I'm trying to understand this paper.
I'm having trouble with a least squares problem.
In the paper, equation (4) is
$ E^2 = \sum_{r\in R}{\sum_{c \in C}{[ \alpha r + \beta c + \gamma - I(r,c)]^2 }} $
This represents a least squares fit of a line to some data (in this case, an image I).
$\alpha$ and $\beta$ represent the co-efficients of the line, and $\gamma$ represents Gaussian noise.
The aim is to choose $\alpha$ and $\beta$ so as to minimize the error E.
The paper lists the solutions as
$\alpha = \frac{\sum_{r,c}{rI(r,c)}}{\sum_{r,c}{r^2}}$
and
$\beta = \frac{\sum_{r,c}{cI(r,c)}}{\sum_{r,c}{c^2}}$
I think I have missed something in the derivation.
I have tried differentiating and setting the result to zero, ie:
$\frac{\partial E}{\partial \alpha} = 0$ and $\frac{\partial E}{\partial \beta} = 0$
but I get
$\alpha = \frac{\sum_{r,c}{[rI(r,c) - \beta rc - \gamma r]}}{\sum_{r,c}{r^2}}$
and
$\beta = \frac{\sum_{r,c}{[cI(r,c) - \alpha rc - \gamma c]}}{\sum_{r,c}{c^2}}$
As for the variances and covariance listed in (7), (8) and (9) I haven't the foggiest clue where they came from.

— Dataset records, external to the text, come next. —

text \<open>h(theta; o_{t-1}, s_t, a_t, o_t, b_t); pi_lo th s q a = pi_lo(a | s,q); pi_b th s q' b = pi_b(b | s,q').\<close>
definition hfun ::
  "('h \<Rightarrow> 's \<Rightarrow> 'o::finite \<Rightarrow> real) \<Rightarrow> ('l \<Rightarrow> 's \<Rightarrow> 'o \<Rightarrow> 'a \<Rightarrow> real) \<Rightarrow> ('b \<Rightarrow> 's \<Rightarrow> 'o \<Rightarrow> bool \<Rightarrow> real)
    \<Rightarrow> real \<Rightarrow> ('h \<times> 'l \<times> 'b) \<Rightarrow> 'o \<Rightarrow> 's \<Rightarrow> 'a \<Rightarrow> 'o \<Rightarrow> bool \<Rightarrow> real" where
  "hfun pi_hi pi_lo pi_b \<zeta> \<theta> o_prev s a q b =
     pi_b (snd (snd \<theta>)) s o_prev b * pibar_hi pi_hi \<zeta> (fst \<theta>) s o_prev b q * pi_lo (fst (snd \<theta>)) s q a"

definition C1_on :: "'p::euclidean_space set \<Rightarrow> ('p \<Rightarrow> real) \<Rightarrow> bool" where
  "C1_on U f \<longleftrightarrow> (\<exists>f'. (\<forall>x\<in>U. (f has_derivative blinfun_apply (f' x)) (at x)) \<and> continuous_on U f')"

text \<open>Latent trajectories (O_{lo-1..hi}, B_{lo..hi}).\<close>
definition latents :: "int \<Rightarrow> int \<Rightarrow> ((int \<Rightarrow> 'o) \<times> (int \<Rightarrow> bool)) set" where
  "latents lo hi = (PiE {lo - 1..hi} (\<lambda>_. UNIV)) \<times> (PiE {lo..hi} (\<lambda>_. UNIV))"

text \<open>Joint probability of O_{lo-1} (with weight init), the observations S_{lo..hi}, A_{lo..hi}
  (S_lo being fixed by the initial condition / included in init) and the latent trajectory.\<close>
definition path_weight ::
  "('p \<Rightarrow> 'o \<Rightarrow> 's \<Rightarrow> 'a \<Rightarrow> 'o \<Rightarrow> bool \<Rightarrow> real) \<Rightarrow> ('s \<Rightarrow> 'a \<Rightarrow> 's \<Rightarrow> real) \<Rightarrow> 'p \<Rightarrow> ('o \<Rightarrow> real)
    \<Rightarrow> int \<Rightarrow> int \<Rightarrow> (int \<Rightarrow> 's) \<Rightarrow> (int \<Rightarrow> 'a) \<Rightarrow> (int \<Rightarrow> 'o) \<Rightarrow> (int \<Rightarrow> bool) \<Rightarrow> real" where
  "path_weight h P \<theta> init lo hi ss as os bs =
     init (os (lo - 1))
     * (\<Prod>t\<in>{lo..hi}. h \<theta> (os (t - 1)) (ss t) (as t) (os t) (bs t))
     * (\<Prod>t\<in>{lo..hi - 1}. P (ss t) (as t) (ss (t + 1)))"

text \<open>Unnormalised P(observations, O_t = q, B_t = b).\<close>
definition marg_ob ::
  "('p \<Rightarrow> 'o \<Rightarrow> 's \<Rightarrow> 'a \<Rightarrow> 'o \<Rightarrow> bool \<Rightarrow> real) \<Rightarrow> ('s \<Rightarrow> 'a \<Rightarrow> 's \<Rightarrow> real) \<Rightarrow> 'p \<Rightarrow> ('o \<Rightarrow> real)
    \<Rightarrow> int \<Rightarrow> int \<Rightarrow> (int \<Rightarrow> 's) \<Rightarrow> (int \<Rightarrow> 'a) \<Rightarrow> int \<Rightarrow> 'o \<Rightarrow> bool \<Rightarrow> real" where
  "marg_ob h P \<theta> init lo hi ss as t q b =
     (\<Sum>(os, bs)\<in>latents lo hi \<inter> {(os, bs). os t = q \<and> bs t = b}. path_weight h P \<theta> init lo hi ss as os bs)"

text \<open>Unnormalised P(observations, O_{t-1} = q, B_t = b).\<close>
definition marg_prev ::
  "('p \<Rightarrow> 'o \<Rightarrow> 's \<Rightarrow> 'a \<Rightarrow> 'o \<Rightarrow> bool \<Rightarrow> real) \<Rightarrow> ('s \<Rightarrow> 'a \<Rightarrow> 's \<Rightarrow> real) \<Rightarrow> 'p \<Rightarrow> ('o \<Rightarrow> real)
    \<Rightarrow> int \<Rightarrow> int \<Rightarrow> (int \<Rightarrow> 's) \<Rightarrow> (int \<Rightarrow> 'a) \<Rightarrow> int \<Rightarrow> 'o \<Rightarrow> bool \<Rightarrow> real" where
  "marg_prev h P \<theta> init lo hi ss as t q b =
     (\<Sum>(os, bs)\<in>latents lo hi \<inter> {(os, bs). os (t - 1) = q \<and> bs t = b}. path_weight h P \<theta> init lo hi ss as os bs)"

definition obs_prob ::
  "('p \<Rightarrow> 'o \<Rightarrow> 's \<Rightarrow> 'a \<Rightarrow> 'o \<Rightarrow> bool \<Rightarrow> real) \<Rightarrow> ('s \<Rightarrow> 'a \<Rightarrow> 's \<Rightarrow> real) \<Rightarrow> 'p \<Rightarrow> ('o \<Rightarrow> real)
    \<Rightarrow> int \<Rightarrow> int \<Rightarrow> (int \<Rightarrow> 's) \<Rightarrow> (int \<Rightarrow> 'a) \<Rightarrow> real" where
  "obs_prob h P \<theta> init lo hi ss as =
     (\<Sum>(os, bs)\<in>latents lo hi. path_weight h P \<theta> init lo hi ss as os bs)"

definition normalize :: "('x::finite \<Rightarrow> real) \<Rightarrow> 'x \<Rightarrow> real" where
  "normalize f x = f x / (\<Sum>y\<in>UNIV. f y)"

definition tv_dist :: "('x::finite \<Rightarrow> real) \<Rightarrow> ('x \<Rightarrow> real) \<Rightarrow> real" where
  "tv_dist p q = (1/2) * (\<Sum>x\<in>UNIV. \<bar>p x - q x\<bar>)"

text \<open>gamma^theta_{mu,t|T}: O_0 ~ mu(.|s_1), process over times 1..T.\<close>
definition gamma_mu where
  "gamma_mu h P \<theta> \<mu> T ss as t =
     normalize (\<lambda>(q, b). marg_ob h P \<theta> (\<mu> (ss 1)) 1 T ss as t q b)"

definition gamma_mu_tilde where
  "gamma_mu_tilde h P \<theta> \<mu> T ss as t =
     normalize (\<lambda>(q, b). marg_prev h P \<theta> (\<mu> (ss 1)) 1 T ss as t q b)"

text \<open>gamma^theta_{k,t}: (O_{-k}, S_{1-k}) ~ nu, process over times 1-k..T+k;
  nu q s = nu(O = q, S = s).\<close>
definition gamma_k where
  "gamma_k h P \<theta> \<nu> k T ss as t =
     normalize (\<lambda>(q, b). marg_ob h P \<theta> (\<lambda>q. \<nu> q (ss (1 - k))) (1 - k) (T + k) ss as t q b)"

definition gamma_k_tilde where
  "gamma_k_tilde h P \<theta> \<nu> k T ss as t =
     normalize (\<lambda>(q, b). marg_prev h P \<theta> (\<lambda>q. \<nu> q (ss (1 - k))) (1 - k) (T + k) ss as t q b)"

text \<open>Transition kernel of the Markov chain (O_{t-1}, S_t) -> (O_t, S_{t+1}).\<close>
definition chain_kernel where
  "chain_kernel h P \<theta> q s q' s' = (\<Sum>b\<in>UNIV. \<Sum>a\<in>UNIV. h \<theta> q s a q' b * P s a s')"

definition stationary_dists ::
  "('p \<Rightarrow> 'o::finite \<Rightarrow> 's::finite \<Rightarrow> 'a::finite \<Rightarrow> 'o \<Rightarrow> bool \<Rightarrow> real) \<Rightarrow> ('s \<Rightarrow> 'a \<Rightarrow> 's \<Rightarrow> real) \<Rightarrow> 'p
     \<Rightarrow> ('o \<Rightarrow> 's \<Rightarrow> real) set" where
  "stationary_dists h P \<theta> =
     {\<nu>. (\<forall>q s. 0 \<le> \<nu> q s) \<and> (\<Sum>q\<in>UNIV. \<Sum>s\<in>UNIV. \<nu> q s) = 1 \<and>
          (\<forall>q' s'. (\<Sum>q\<in>UNIV. \<Sum>s\<in>UNIV. \<nu> q s * chain_kernel h P \<theta> q s q' s') = \<nu> q' s')}"

definition extreme_point_in :: "('o \<Rightarrow> 's \<Rightarrow> real) \<Rightarrow> ('o \<Rightarrow> 's \<Rightarrow> real) set \<Rightarrow> bool" where
  "extreme_point_in \<nu> S \<longleftrightarrow> \<nu> \<in> S \<and>
     (\<forall>\<nu>1\<in>S. \<forall>\<nu>2\<in>S. \<forall>c::real. 0 < c \<and> c < 1 \<and> \<nu> = (\<lambda>q s. c * \<nu>1 q s + (1 - c) * \<nu>2 q s)
        \<longrightarrow> \<nu>1 = \<nu>2)"

definition Lconst ::
  "('p::metric_space \<Rightarrow> 'o \<Rightarrow> 's \<Rightarrow> 'a \<Rightarrow> 'o \<Rightarrow> bool \<Rightarrow> real) \<Rightarrow> 'p set \<Rightarrow> 'p \<Rightarrow> real \<Rightarrow> real" where
  "Lconst h \<Theta> \<theta> \<delta> = Inf {L. \<forall>q s a q' b. lipschitz_on L (\<Theta> \<inter> cball \<theta> \<delta>) (\<lambda>\<theta>'. h \<theta>' q s a q' b)}"

definition zconst ::
  "('p \<Rightarrow> 'o::finite \<Rightarrow> 's::finite \<Rightarrow> 'a::finite \<Rightarrow> 'o \<Rightarrow> bool \<Rightarrow> real) \<Rightarrow> 'p \<Rightarrow> 'p \<Rightarrow> real" where
  "zconst h \<theta> \<theta>' = Max ((\<lambda>(s, a).
       max (Max ((\<lambda>(q, q', b). h \<theta> q s a q' b) ` UNIV)) (Max ((\<lambda>(q, q', b). h \<theta>' q s a q' b) ` UNIV))
       / (Min ((\<lambda>(q, q', b). h \<theta> q s a q' b) ` UNIV) * Min ((\<lambda>(q, q', b). h \<theta>' q s a q' b) ` UNIV))) ` UNIV)"

end

theory Submission
  imports Defs
begin

text \<open>
  Both smoothing distributions are normalised products \<open>\<alpha>(x) \<kappa>\<^sub>t(x, y, e) \<beta>(y)\<close> of a forward
  vector, the kernel of time \<open>t\<close> (which carries the likelihood of the observed action) and a
  backward vector. The two-sided bound on \<open>\<pi>\<^sub>b \<cdot> \<pi>\<^sub>h\<^sub>i\<close> makes every kernel independent of the
  previous option up to the factor \<open>c = \<epsilon>\<^sub>b\<^sup>2 \<zeta> / |\<O>|\<close>, so by Dobrushin's argument every
  step of the forward or backward recursion contracts the total variation distance of normalised
  vectors by \<open>1 - c\<close>. Hence the initial condition is forgotten at rate \<open>(1 - c)\<^sup>t\<^sup>-\<^sup>1\<close> and the terminal
  one at rate \<open>(1 - c)\<^sup>T\<^sup>-\<^sup>t\<close>. The kernels of \<open>\<theta>\<close> and \<open>\<theta>'\<close> are then exchanged one time step at a
  time: the Lipschitz bound divided by the smallest value of \<open>h\<close> makes each exchange a relative
  perturbation of size \<open>r = z L \<parallel>\<theta>' - \<theta>\<parallel>\<close>, which is again forgotten geometrically, so the total
  is at most \<open>r \<Sum>\<^sub>j (1 - c)\<^bsup>|j - t|\<^esup> \<le> 2 r / c\<close>. For the pairs \<open>(O\<^sub>t\<^sub>-\<^sub>1, B\<^sub>t)\<close> the exchange at time
  \<open>t\<close> itself is not damped, which costs one more \<open>r / c\<close>.
\<close>

lemma sum_normalize: "(\<Sum>x\<in>UNIV. normalize f x) = (if (\<Sum>x\<in>UNIV. f x) = 0 then 0 else 1)"
  by (simp add: normalize_def sum_divide_distrib[symmetric])

lemma normalize_nonneg: "(\<And>x. 0 \<le> f x) \<Longrightarrow> 0 \<le> normalize f x"
  by (simp add: normalize_def sum_nonneg)

lemma normalize_mult_const: "c \<noteq> 0 \<Longrightarrow> normalize (\<lambda>x. c * f x) = normalize f"
  by (rule ext) (simp add: normalize_def sum_distrib_left[symmetric])

lemma tv_dist_nonneg: "0 \<le> tv_dist p q"
  by (simp add: tv_dist_def sum_nonneg)

lemma tv_dist_triangle: "tv_dist p r \<le> tv_dist p q + tv_dist q r"
proof -
  have "(\<Sum>x\<in>UNIV. \<bar>p x - r x\<bar>) \<le> (\<Sum>x\<in>UNIV. \<bar>p x - q x\<bar> + \<bar>q x - r x\<bar>)"
    by (rule sum_mono) linarith
  then show ?thesis by (simp add: tv_dist_def sum.distrib)
qed

lemma tv_dist_telescope: "tv_dist (f 0) (f n) \<le> (\<Sum>j<n. tv_dist (f j) (f (Suc j)))"
proof (induction n)
  case (Suc n)
  then show ?case using tv_dist_triangle[of "f 0" "f (Suc n)" "f n"] by simp
qed (simp add: tv_dist_def)

lemma tv_dist_normalize_le_1:
  assumes "\<And>x. 0 \<le> f x" "\<And>x. 0 \<le> g x"
  shows "tv_dist (normalize f) (normalize g) \<le> 1"
proof -
  have "(\<Sum>x\<in>UNIV. \<bar>normalize f x - normalize g x\<bar>) \<le> (\<Sum>x\<in>UNIV. normalize f x + normalize g x)"
  proof (rule sum_mono)
    fix x
    have "0 \<le> normalize f x" "0 \<le> normalize g x" using normalize_nonneg assms by blast+
    then show "\<bar>normalize f x - normalize g x\<bar> \<le> normalize f x + normalize g x" by linarith
  qed
  also have "\<dots> \<le> 2" by (simp add: sum.distrib sum_normalize)
  finally show ?thesis by (simp add: tv_dist_def)
qed

lemma sum_mult_pos_if_nonzero:
  fixes u :: "'x::finite \<Rightarrow> real"
  assumes "\<And>x. 0 \<le> u x" "u z \<noteq> 0" "\<And>x. 0 < r x"
  shows "0 < (\<Sum>x\<in>UNIV. u x * r x)"
proof -
  have "0 < u z * r z" using assms by (metis less_eq_real_def mult_pos_pos)
  also have "\<dots> \<le> (\<Sum>x\<in>UNIV. u x * r x)"
    by (rule member_le_sum) (use assms in \<open>auto intro: mult_nonneg_nonneg less_imp_le\<close>)
  finally show ?thesis .
qed

lemma sum_UNIV_prod: "(\<Sum>p\<in>(UNIV :: ('a::finite \<times> 'b::finite) set). f p) = (\<Sum>a\<in>UNIV. \<Sum>b\<in>UNIV. f (a, b))"
  by (subst UNIV_Times_UNIV[symmetric]) (simp add: sum.cartesian_product)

Any help in understanding these would be much appreciated.
I found this paper by the same author where more explanation is given.
The trick was that the author chose a convenient coordinate system where adding up the co-ordinate values sums to zero. (ie: like -3 + -2 + -1 + 0 + 1 + 2 + 3 = 0)
so
$ \sum_{r \in R}{r} = \sum_{c \in C}{c} = 0 $
The same can be done for the $\sum_{r, c}{rc}$ term as this is also zero now.
So that is what happens to those extra terms in my solution, they become zero.